How to complete this task: Repeat each line of the listing exactly as written.

Record extracts:
============
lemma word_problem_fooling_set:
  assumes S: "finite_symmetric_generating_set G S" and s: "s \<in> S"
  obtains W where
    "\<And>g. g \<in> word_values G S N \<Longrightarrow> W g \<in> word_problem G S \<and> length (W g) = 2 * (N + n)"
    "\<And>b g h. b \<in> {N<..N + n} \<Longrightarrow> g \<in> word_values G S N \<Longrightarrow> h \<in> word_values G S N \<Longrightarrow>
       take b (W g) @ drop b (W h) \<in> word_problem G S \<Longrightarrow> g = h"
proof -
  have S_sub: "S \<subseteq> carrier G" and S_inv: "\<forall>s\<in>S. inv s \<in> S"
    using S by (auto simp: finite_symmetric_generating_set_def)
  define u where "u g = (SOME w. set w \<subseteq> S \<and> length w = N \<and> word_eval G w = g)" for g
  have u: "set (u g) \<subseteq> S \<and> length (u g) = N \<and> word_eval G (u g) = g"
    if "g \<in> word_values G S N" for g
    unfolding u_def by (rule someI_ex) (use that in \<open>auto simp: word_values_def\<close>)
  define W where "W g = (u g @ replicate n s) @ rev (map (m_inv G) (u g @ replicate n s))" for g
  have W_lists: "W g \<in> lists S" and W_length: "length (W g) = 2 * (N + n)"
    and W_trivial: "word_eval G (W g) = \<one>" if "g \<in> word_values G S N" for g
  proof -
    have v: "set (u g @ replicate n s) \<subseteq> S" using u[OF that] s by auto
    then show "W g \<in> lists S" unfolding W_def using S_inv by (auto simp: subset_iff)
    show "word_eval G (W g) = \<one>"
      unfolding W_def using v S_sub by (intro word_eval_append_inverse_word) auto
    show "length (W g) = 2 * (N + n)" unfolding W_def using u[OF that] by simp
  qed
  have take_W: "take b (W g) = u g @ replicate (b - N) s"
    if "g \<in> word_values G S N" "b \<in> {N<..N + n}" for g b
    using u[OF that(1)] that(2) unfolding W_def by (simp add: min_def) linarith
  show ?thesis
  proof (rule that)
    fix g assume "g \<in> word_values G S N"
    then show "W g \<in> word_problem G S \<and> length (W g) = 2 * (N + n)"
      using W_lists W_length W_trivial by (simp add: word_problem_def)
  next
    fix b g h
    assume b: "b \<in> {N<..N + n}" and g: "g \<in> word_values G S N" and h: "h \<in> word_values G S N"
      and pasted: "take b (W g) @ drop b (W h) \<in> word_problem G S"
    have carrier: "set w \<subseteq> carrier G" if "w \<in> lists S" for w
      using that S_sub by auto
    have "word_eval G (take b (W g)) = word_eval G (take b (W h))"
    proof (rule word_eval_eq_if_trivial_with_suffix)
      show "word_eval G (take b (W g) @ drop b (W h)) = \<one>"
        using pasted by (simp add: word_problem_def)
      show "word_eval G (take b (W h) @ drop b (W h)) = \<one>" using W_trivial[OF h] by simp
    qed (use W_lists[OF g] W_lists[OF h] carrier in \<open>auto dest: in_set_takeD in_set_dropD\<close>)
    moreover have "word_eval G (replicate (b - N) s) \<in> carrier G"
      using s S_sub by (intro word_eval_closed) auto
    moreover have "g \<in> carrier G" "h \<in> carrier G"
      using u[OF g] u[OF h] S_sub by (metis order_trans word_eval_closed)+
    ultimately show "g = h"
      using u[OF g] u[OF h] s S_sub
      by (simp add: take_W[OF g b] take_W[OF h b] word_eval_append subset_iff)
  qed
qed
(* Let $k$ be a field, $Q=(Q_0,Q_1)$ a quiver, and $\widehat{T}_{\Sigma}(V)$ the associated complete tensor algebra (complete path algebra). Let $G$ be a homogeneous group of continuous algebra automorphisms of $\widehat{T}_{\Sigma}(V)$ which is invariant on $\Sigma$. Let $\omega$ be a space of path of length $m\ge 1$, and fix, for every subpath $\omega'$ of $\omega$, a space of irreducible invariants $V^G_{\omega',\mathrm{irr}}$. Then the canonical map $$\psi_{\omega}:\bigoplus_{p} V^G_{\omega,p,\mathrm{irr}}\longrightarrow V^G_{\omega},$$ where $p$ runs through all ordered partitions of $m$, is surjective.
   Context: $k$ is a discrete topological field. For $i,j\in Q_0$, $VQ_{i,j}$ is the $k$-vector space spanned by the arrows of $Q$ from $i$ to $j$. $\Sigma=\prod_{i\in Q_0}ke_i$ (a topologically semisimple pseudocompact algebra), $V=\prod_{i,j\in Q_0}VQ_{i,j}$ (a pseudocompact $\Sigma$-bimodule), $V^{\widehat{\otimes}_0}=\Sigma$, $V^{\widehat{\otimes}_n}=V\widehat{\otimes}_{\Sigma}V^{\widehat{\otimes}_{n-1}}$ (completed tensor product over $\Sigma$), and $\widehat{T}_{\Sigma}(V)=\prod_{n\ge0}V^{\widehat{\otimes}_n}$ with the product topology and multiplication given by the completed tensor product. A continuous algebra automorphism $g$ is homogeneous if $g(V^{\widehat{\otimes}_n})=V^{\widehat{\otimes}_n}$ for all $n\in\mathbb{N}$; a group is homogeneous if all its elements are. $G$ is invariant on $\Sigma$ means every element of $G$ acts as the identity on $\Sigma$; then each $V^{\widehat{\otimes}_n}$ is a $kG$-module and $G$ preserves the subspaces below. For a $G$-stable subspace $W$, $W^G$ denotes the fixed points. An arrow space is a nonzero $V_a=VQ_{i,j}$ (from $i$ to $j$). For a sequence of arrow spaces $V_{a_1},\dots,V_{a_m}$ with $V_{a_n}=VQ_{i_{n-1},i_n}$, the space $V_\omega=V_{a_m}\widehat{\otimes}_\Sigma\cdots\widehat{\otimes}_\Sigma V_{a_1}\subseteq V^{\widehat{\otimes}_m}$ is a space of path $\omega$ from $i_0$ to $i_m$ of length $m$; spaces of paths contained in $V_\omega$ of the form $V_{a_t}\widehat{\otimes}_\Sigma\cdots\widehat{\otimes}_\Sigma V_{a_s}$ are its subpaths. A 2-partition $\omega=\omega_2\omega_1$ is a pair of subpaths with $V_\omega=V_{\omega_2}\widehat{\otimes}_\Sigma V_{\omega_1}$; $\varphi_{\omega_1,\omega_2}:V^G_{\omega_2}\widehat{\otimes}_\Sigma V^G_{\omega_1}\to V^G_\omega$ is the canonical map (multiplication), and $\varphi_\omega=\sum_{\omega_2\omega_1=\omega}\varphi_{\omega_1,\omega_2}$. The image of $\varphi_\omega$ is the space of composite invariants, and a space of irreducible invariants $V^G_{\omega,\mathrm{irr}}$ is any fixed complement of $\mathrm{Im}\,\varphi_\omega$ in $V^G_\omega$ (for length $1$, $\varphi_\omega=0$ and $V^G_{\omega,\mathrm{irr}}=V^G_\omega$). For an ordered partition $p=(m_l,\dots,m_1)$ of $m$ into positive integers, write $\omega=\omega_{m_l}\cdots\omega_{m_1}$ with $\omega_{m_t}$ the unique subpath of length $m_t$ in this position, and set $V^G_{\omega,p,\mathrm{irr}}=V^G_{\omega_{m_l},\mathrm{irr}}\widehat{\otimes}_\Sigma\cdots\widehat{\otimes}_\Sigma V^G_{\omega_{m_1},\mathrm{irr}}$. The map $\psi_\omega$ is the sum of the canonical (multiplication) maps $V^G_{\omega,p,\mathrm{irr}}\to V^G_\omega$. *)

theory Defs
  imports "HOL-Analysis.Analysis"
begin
============
Response area:
lemma word_problem_fooling_set:
  assumes S: "finite_symmetric_generating_set G S" and s: "s \<in> S"
  obtains W where
    "\<And>g. g \<in> word_values G S N \<Longrightarrow> W g \<in> word_problem G S \<and> length (W g) = 2 * (N + n)"
    "\<And>b g h. b \<in> {N<..N + n} \<Longrightarrow> g \<in> word_values G S N \<Longrightarrow> h \<in> word_values G S N \<Longrightarrow>
       take b (W g) @ drop b (W h) \<in> word_problem G S \<Longrightarrow> g = h"
proof -
  have S_sub: "S \<subseteq> carrier G" and S_inv: "\<forall>s\<in>S. inv s \<in> S"
    using S by (auto simp: finite_symmetric_generating_set_def)
  define u where "u g = (SOME w. set w \<subseteq> S \<and> length w = N \<and> word_eval G w = g)" for g
  have u: "set (u g) \<subseteq> S \<and> length (u g) = N \<and> word_eval G (u g) = g"
    if "g \<in> word_values G S N" for g
    unfolding u_def by (rule someI_ex) (use that in \<open>auto simp: word_values_def\<close>)
  define W where "W g = (u g @ replicate n s) @ rev (map (m_inv G) (u g @ replicate n s))" for g
  have W_lists: "W g \<in> lists S" and W_length: "length (W g) = 2 * (N + n)"
    and W_trivial: "word_eval G (W g) = \<one>" if "g \<in> word_values G S N" for g
  proof -
    have v: "set (u g @ replicate n s) \<subseteq> S" using u[OF that] s by auto
    then show "W g \<in> lists S" unfolding W_def using S_inv by (auto simp: subset_iff)
    show "word_eval G (W g) = \<one>"
      unfolding W_def using v S_sub by (intro word_eval_append_inverse_word) auto
    show "length (W g) = 2 * (N + n)" unfolding W_def using u[OF that] by simp
  qed
  have take_W: "take b (W g) = u g @ replicate (b - N) s"
    if "g \<in> word_values G S N" "b \<in> {N<..N + n}" for g b
    using u[OF that(1)] that(2) unfolding W_def by (simp add: min_def) linarith
  show ?thesis
  proof (rule that)
    fix g assume "g \<in> word_values G S N"
    then show "W g \<in> word_problem G S \<and> length (W g) = 2 * (N + n)"
      using W_lists W_length W_trivial by (simp add: word_problem_def)
  next
    fix b g h
    assume b: "b \<in> {N<..N + n}" and g: "g \<in> word_values G S N" and h: "h \<in> word_values G S N"
      and pasted: "take b (W g) @ drop b (W h) \<in> word_problem G S"
    have carrier: "set w \<subseteq> carrier G" if "w \<in> lists S" for w
      using that S_sub by auto
    have "word_eval G (take b (W g)) = word_eval G (take b (W h))"
    proof (rule word_eval_eq_if_trivial_with_suffix)
      show "word_eval G (take b (W g) @ drop b (W h)) = \<one>"
        using pasted by (simp add: word_problem_def)
      show "word_eval G (take b (W h) @ drop b (W h)) = \<one>" using W_trivial[OF h] by simp
    qed (use W_lists[OF g] W_lists[OF h] carrier in \<open>auto dest: in_set_takeD in_set_dropD\<close>)
    moreover have "word_eval G (replicate (b - N) s) \<in> carrier G"
      using s S_sub by (intro word_eval_closed) auto
    moreover have "g \<in> carrier G" "h \<in> carrier G"
      using u[OF g] u[OF h] S_sub by (metis order_trans word_eval_closed)+
    ultimately show "g = h"
      using u[OF g] u[OF h] s S_sub
      by (simp add: take_W[OF g b] take_W[OF h b] word_eval_append subset_iff)
  qed
qed
(* Let $k$ be a field, $Q=(Q_0,Q_1)$ a quiver, and $\widehat{T}_{\Sigma}(V)$ the associated complete tensor algebra (complete path algebra). Let $G$ be a homogeneous group of continuous algebra automorphisms of $\widehat{T}_{\Sigma}(V)$ which is invariant on $\Sigma$. Let $\omega$ be a space of path of length $m\ge 1$, and fix, for every subpath $\omega'$ of $\omega$, a space of irreducible invariants $V^G_{\omega',\mathrm{irr}}$. Then the canonical map $$\psi_{\omega}:\bigoplus_{p} V^G_{\omega,p,\mathrm{irr}}\longrightarrow V^G_{\omega},$$ where $p$ runs through all ordered partitions of $m$, is surjective.
   Context: $k$ is a discrete topological field. For $i,j\in Q_0$, $VQ_{i,j}$ is the $k$-vector space spanned by the arrows of $Q$ from $i$ to $j$. $\Sigma=\prod_{i\in Q_0}ke_i$ (a topologically semisimple pseudocompact algebra), $V=\prod_{i,j\in Q_0}VQ_{i,j}$ (a pseudocompact $\Sigma$-bimodule), $V^{\widehat{\otimes}_0}=\Sigma$, $V^{\widehat{\otimes}_n}=V\widehat{\otimes}_{\Sigma}V^{\widehat{\otimes}_{n-1}}$ (completed tensor product over $\Sigma$), and $\widehat{T}_{\Sigma}(V)=\prod_{n\ge0}V^{\widehat{\otimes}_n}$ with the product topology and multiplication given by the completed tensor product. A continuous algebra automorphism $g$ is homogeneous if $g(V^{\widehat{\otimes}_n})=V^{\widehat{\otimes}_n}$ for all $n\in\mathbb{N}$; a group is homogeneous if all its elements are. $G$ is invariant on $\Sigma$ means every element of $G$ acts as the identity on $\Sigma$; then each $V^{\widehat{\otimes}_n}$ is a $kG$-module and $G$ preserves the subspaces below. For a $G$-stable subspace $W$, $W^G$ denotes the fixed points. An arrow space is a nonzero $V_a=VQ_{i,j}$ (from $i$ to $j$). For a sequence of arrow spaces $V_{a_1},\dots,V_{a_m}$ with $V_{a_n}=VQ_{i_{n-1},i_n}$, the space $V_\omega=V_{a_m}\widehat{\otimes}_\Sigma\cdots\widehat{\otimes}_\Sigma V_{a_1}\subseteq V^{\widehat{\otimes}_m}$ is a space of path $\omega$ from $i_0$ to $i_m$ of length $m$; spaces of paths contained in $V_\omega$ of the form $V_{a_t}\widehat{\otimes}_\Sigma\cdots\widehat{\otimes}_\Sigma V_{a_s}$ are its subpaths. A 2-partition $\omega=\omega_2\omega_1$ is a pair of subpaths with $V_\omega=V_{\omega_2}\widehat{\otimes}_\Sigma V_{\omega_1}$; $\varphi_{\omega_1,\omega_2}:V^G_{\omega_2}\widehat{\otimes}_\Sigma V^G_{\omega_1}\to V^G_\omega$ is the canonical map (multiplication), and $\varphi_\omega=\sum_{\omega_2\omega_1=\omega}\varphi_{\omega_1,\omega_2}$. The image of $\varphi_\omega$ is the space of composite invariants, and a space of irreducible invariants $V^G_{\omega,\mathrm{irr}}$ is any fixed complement of $\mathrm{Im}\,\varphi_\omega$ in $V^G_\omega$ (for length $1$, $\varphi_\omega=0$ and $V^G_{\omega,\mathrm{irr}}=V^G_\omega$). For an ordered partition $p=(m_l,\dots,m_1)$ of $m$ into positive integers, write $\omega=\omega_{m_l}\cdots\omega_{m_1}$ with $\omega_{m_t}$ the unique subpath of length $m_t$ in this position, and set $V^G_{\omega,p,\mathrm{irr}}=V^G_{\omega_{m_l},\mathrm{irr}}\widehat{\otimes}_\Sigma\cdots\widehat{\otimes}_\Sigma V^G_{\omega_{m_1},\mathrm{irr}}$. The map $\psi_\omega$ is the sum of the canonical (multiplication) maps $V^G_{\omega,p,\mathrm{irr}}\to V^G_\omega$. *)

theory Defs
  imports "HOL-Analysis.Analysis"
begin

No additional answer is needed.